Significance. If the performance gains can be attributed to the described architecture and training changes rather than scale increases, the work would deliver open, reproducible models that advance multimodal fusion for both static images and temporal video reasoning, providing a useful baseline for the community.

major comments (2)
  1. [Experiments / Results] The central attribution of SOTA results to the inherited visual-expert architecture plus higher-resolution support and revised training recipes is not supported by any scale-matched ablations or baseline comparisons. No parameter counts, data-volume details, or controlled experiments isolating these factors from raw scaling are provided, leaving the link between the proposed changes and the reported deltas unverified.
  2. [Model Architecture / Video Understanding] The description of the automated temporal grounding data construction for CogVLM2-Video is too high-level to allow reproduction or independent verification of its contribution to MVBench and VCGBench gains.
minor comments (1)
  1. [Abstract] The abstract states that models 'inherit the visual expert architecture with improved training recipes' without enumerating the concrete recipe changes; a brief enumeration would improve clarity.

Simulated Author's Rebuttal

2 responses · 1 unresolved

We thank the referee for the constructive feedback on our manuscript. We address the major comments point by point below, providing the strongest honest defense of our contributions while acknowledging areas where additional details or clarifications are warranted. We will incorporate revisions to improve clarity and reproducibility.
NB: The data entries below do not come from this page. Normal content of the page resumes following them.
lemma path_chord_imp_has_cycle:
  assumes p: "is_path J p" and j: "2 \<le> j" "j < length p" and chord: "{p ! 0, p ! j} \<in> J"
  shows "has_cycle J"
  unfolding has_cycle_def
proof (intro exI conjI allI impI)
  let ?vs = "take (Suc j) p"
  show "3 \<le> length ?vs" "distinct ?vs" using p j by (auto simp: is_path_def)
  fix i assume i: "i < length ?vs"
  show "{?vs ! i, ?vs ! ((i + 1) mod length ?vs)} \<in> J"
  proof (cases "i < j")
    case True
    then show ?thesis using p i j by (auto simp: is_path_def)
  next
    case False
    then have "i = j" using i j by simp
    then show ?thesis using chord j by (simp add: insert_commute)
  qed
qed

lemma longest_path_exists:
  assumes "finite (\<Union>J)" "x \<in> \<Union>J"
  obtains p where "is_path J p" "\<forall>q. is_path J q \<longrightarrow> length q \<le> length p"
proof -
  have "is_path J [x]" using assms(2) by (simp add: is_path_def)
  moreover have "\<forall>q. is_path J q \<longrightarrow> length q < card (\<Union>J) + 1"
    using assms(1) unfolding is_path_def by (metis card_mono distinct_card less_Suc_eq_le Suc_eq_plus1)
  ultimately show thesis using that ex_has_greatest_nat[of "is_path J" "[x]" length "card (\<Union>J) + 1"] by blast
qed

lemma longest_path_first_neighbour:
  assumes p: "is_path J p" and longest: "\<forall>q. is_path J q \<longrightarrow> length q \<le> length p"
    and edge: "{p ! 0, y} \<in> J"
  shows "y \<in> set p"
proof (rule ccontr)
  assume y: "y \<notin> set p"
  have "is_path J (y # p)"
    unfolding is_path_def
  proof (intro conjI allI impI)
    show "distinct (y # p)" "set (y # p) \<subseteq> \<Union>J" using p y edge by (auto simp: is_path_def)
  next
    fix i assume i: "Suc i < length (y # p)"
    show "{(y # p) ! i, (y # p) ! Suc i} \<in> J"
      using p i edge by (cases i) (auto simp: is_path_def insert_commute)
  qed simp
  then show False using longest by fastforce
qed

lemma doubleton_other:
  assumes "card T = 2" "x \<in> T"
  obtains y where "y \<noteq> x" "T = {x, y}"
  using assms by (metis card_2_iff insert_commute insertE singletonD)

lemma min_degree_two_imp_has_cycle:
  assumes fin: "finite J" and two: "\<forall>T\<in>J. card T = 2" and ne: "J \<noteq> {}"
    and deg: "\<forall>x\<in>\<Union>J. 2 \<le> card {T\<in>J. x \<in> T}"
  shows "has_cycle J"
proof -
  have "finite (\<Union>J)" using fin two by (metis card.infinite finite_Union zero_neq_numeral)
  moreover obtain x0 where "x0 \<in> \<Union>J" using ne two by (metis UnionI card.empty ex_in_conv zero_neq_numeral)
  ultimately obtain p where p: "is_path J p" and longest: "\<forall>q. is_path J q \<longrightarrow> length q \<le> length p"
    by (rule longest_path_exists)
  define x where "x = p ! 0"
  have "x \<in> \<Union>J" using p unfolding is_path_def x_def by (auto intro: nth_mem)
  then have "\<not> card {T\<in>J. x \<in> T} \<le> Suc 0" using deg by fastforce
  then obtain T1 T2 where T12: "T1 \<in> J" "T2 \<in> J" "x \<in> T1" "x \<in> T2" "T1 \<noteq> T2"
    using fin by (auto simp: card_le_Suc0_iff_eq)
  obtain y1 y2 where y1: "y1 \<noteq> x" "T1 = {x, y1}" and y2: "y2 \<noteq> x" "T2 = {x, y2}"
    using doubleton_other two T12 by metis
  obtain y where y: "{x, y} \<in> J" "y \<noteq> x" "1 < length p \<longrightarrow> y \<noteq> p ! 1"
    using y1 y2 T12 by (cases "y1 = p ! 1") auto
  have "y \<in> set p" using longest_path_first_neighbour[OF p longest] y(1) by (simp add: x_def)
  then obtain j where j: "j < length p" "p ! j = y" by (auto simp: in_set_conv_nth)
  have "j \<noteq> 0" using j(2) y(2) unfolding x_def by metis
  moreover have "j \<noteq> 1" using j y(3) by auto
  ultimately have "2 \<le> j" by simp
  then show ?thesis using path_chord_imp_has_cycle[OF p _ j(1)] y(1) j(2) by (simp add: x_def)
qed

lemma dense_imp_has_cycle:
  assumes "finite J" "\<forall>T\<in>J. card T = 2" "J \<noteq> {}" "card (\<Union>J) \<le> card J"
  shows "has_cycle J"
  using assms
proof (induction "card J" arbitrary: J rule: less_induct)
  case less
  have fin: "finite J" and two: "\<forall>T\<in>J. card T = 2" and ne: "J \<noteq> {}" and dense: "card (\<Union>J) \<le> card J"
    using less.prems by auto
  have fU: "finite (\<Union>J)" using fin two by (metis card.infinite finite_Union zero_neq_numeral)
  show ?case
  proof (cases "\<forall>x\<in>\<Union>J. 2 \<le> card {T\<in>J. x \<in> T}")
    case True
    then show ?thesis using min_degree_two_imp_has_cycle[OF fin two ne] by blast
  next
    case False
    then obtain x where x: "x \<in> \<Union>J" "card {T\<in>J. x \<in> T} \<le> 1" by force
    define J' where "J' = {T\<in>J. x \<notin> T}"
    have "0 < card {T\<in>J. x \<in> T}" using fin x(1) by (auto simp: card_gt_0_iff)
    then have deg_x: "card {T\<in>J. x \<in> T} = 1" using x(2) by simp
    have "card J = card (J' \<union> {T\<in>J. x \<in> T})" by (rule arg_cong[of _ _ card]) (auto simp: J'_def)
    also have "\<dots> = card J' + 1" using fin deg_x by (subst card_Un_disjoint) (auto simp: J'_def)
    finally have card_J: "card J = card J' + 1" .
    have "\<Union>J' \<subseteq> \<Union>J - {x}" unfolding J'_def by auto
    then have "card (\<Union>J') \<le> card (\<Union>J) - 1" using fU x(1) by (metis card_Diff_singleton card_mono finite_Diff)
    then have dense': "card (\<Union>J') \<le> card J'" using dense card_J by simp
    obtain T where T: "T \<in> J" using ne by blast
    then have "2 \<le> card (\<Union>J)" using two fU by (metis Union_upper card_mono)
    then have "J' \<noteq> {}" using dense card_J by auto
    moreover have "finite J'" "\<forall>T\<in>J'. card T = 2" using fin two by (auto simp: J'_def)
    ultimately have "has_cycle J'" using less.hyps[of J'] card_J dense' by simp
    then show ?thesis using has_cycle_mono[of J' J] by (auto simp: J'_def)
  qed
qed

definition Kn_ends :: "nat set \<Rightarrow> nat \<times> nat" where
  "Kn_ends T = (Min T, Max T)"

lemma Kn_edgeE:
  assumes "T \<in> Kn_edges n"
  obtains u v where "T = {u, v}" "u \<in> {1..n}" "v \<in> {1..n}" "u \<noteq> v"
  using assms unfolding Kn_edges_def by blast

lemma doubleton_in_Kn_edges: "u \<in> {1..n} \<Longrightarrow> v \<in> {1..n} \<Longrightarrow> u \<noteq> v \<Longrightarrow> {u, v} \<in> Kn_edges n"
  unfolding Kn_edges_def by blast

lemma card_Kn_edge: "T \<in> Kn_edges n \<Longrightarrow> card T = 2"
  by (erule Kn_edgeE) simp

lemma Kn_edge_subset: "T \<in> Kn_edges n \<Longrightarrow> T \<subseteq> {1..n}"
  by (erule Kn_edgeE) simp

lemma finite_Kn_edges: "finite (Kn_edges n)"
  by (rule finite_subset[of _ "Pow {1..n}"]) (use Kn_edge_subset in blast, simp)

lemma Kn_ends_endpoints: "T \<in> Kn_edges n \<Longrightarrow> {fst (Kn_ends T), snd (Kn_ends T)} = T"
  by (erule Kn_edgeE) (auto simp: Kn_ends_def min_def max_def)

lemma orientation_Kn_iff: "orientation (Kn_edges n) Kn_ends H \<longleftrightarrow> (\<forall>T\<in>Kn_edges n. H T \<in> T)"
  unfolding orientation_def using Kn_ends_endpoints by blast

lemma sparse_iff_not_has_cycle:
  assumes "F \<subseteq> Kn_edges n"
  shows "(\<forall>J\<subseteq>F. J \<noteq> {} \<longrightarrow> card J < card (\<Union>J)) \<longleftrightarrow> \<not> has_cycle F"
proof
  assume sparse: "\<forall>J\<subseteq>F. J \<noteq> {} \<longrightarrow> card J < card (\<Union>J)"
  show "\<not> has_cycle F"
  proof
    assume "has_cycle F"
    then obtain J where J: "J \<subseteq> F" "J \<noteq> {}" "card (\<Union>J) \<le> card J" by (rule has_cycle_imp_dense)
    then have "card J < card (\<Union>J)" using sparse by blast
    with J(3) show False by simp
  qed
next
  assume acyclic: "\<not> has_cycle F"
  show "\<forall>J\<subseteq>F. J \<noteq> {} \<longrightarrow> card J < card (\<Union>J)"
  proof (intro allI impI)
    fix J assume J: "J \<subseteq> F" "J \<noteq> {}"
    then have JK: "J \<subseteq> Kn_edges n" using assms by blast
    then have "finite J" "\<forall>T\<in>J. card T = 2"
      using finite_subset[OF JK finite_Kn_edges] card_Kn_edge by auto
    then show "card J < card (\<Union>J)"
      using dense_imp_has_cycle[of J] J acyclic has_cycle_mono[of J F] by linarith
  qed
qed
read point-by-point responses
  1. Referee: [Experiments / Results] The central attribution of SOTA results to the inherited visual-expert architecture plus higher-resolution support and revised training recipes is not supported by any scale-matched ablations or baseline comparisons. No parameter counts, data-volume details, or controlled experiments isolating these factors from raw scaling are provided, leaving the link between the proposed changes and the reported deltas unverified.

    Authors: We acknowledge that the manuscript does not contain explicit scale-matched ablations or controlled baselines that fully isolate the visual-expert architecture, higher-resolution support, and revised training recipes from potential effects of increased model scale or data volume. CogVLM2 extends the visual-expert design introduced in our prior CogVLM work, with targeted enhancements in resolution (up to 1344×1344) and training procedures; the reported SOTA results on MMBench, MM-Vet, TextVQA, MVBench, and VCGBench reflect the cumulative outcome of these changes. In the revised manuscript we will add explicit parameter counts for CogVLM2, CogVLM2-Video, and GLM-4V, along with available details on pre-training and post-training data volumes. Full isolation experiments would require substantial additional compute resources beyond the scope of this submission; however, the open-source release of models and code enables independent verification and further ablation studies by the community. revision: partial

  2. Referee: [Model Architecture / Video Understanding] The description of the automated temporal grounding data construction for CogVLM2-Video is too high-level to allow reproduction or independent verification of its contribution to MVBench and VCGBench gains.

    Authors: We agree that the current description of the automated temporal grounding pipeline is high-level and limits reproducibility. In the revised manuscript we will expand this section with concrete implementation details, including the specific LLM prompts used to generate temporal grounding annotations, the filtering and quality-control steps, the format of timestamp integration with multi-frame inputs, and representative examples of the constructed training data. These additions will allow readers to better assess the method's contribution to the observed gains on MVBench and VCGBench. revision: yes

standing simulated objections not resolved
  • Full scale-matched ablation studies that rigorously isolate the contributions of architecture, resolution, and training recipes from raw scaling effects, as these controlled experiments were not performed in the original work.

Circularity Check

0 steps flagged

No circularity: purely empirical model description and benchmark reporting

full rationale

The manuscript describes the CogVLM2 family as an empirical extension of prior CogVLM/GLM-4V work, with inherited visual-expert architecture, higher-resolution support, revised training recipes, multi-frame video input, and automated data construction. All central claims consist of measured performance numbers on external public benchmarks (MMBench, MM-Vet, TextVQA, MVBench, VCGBench). No equations, derivations, fitted parameters renamed as predictions, or load-bearing self-citations appear; the work contains no mathematical chain that could reduce to its own inputs by construction. Attribution questions (scale vs. architecture) are matters of experimental design, not circularity.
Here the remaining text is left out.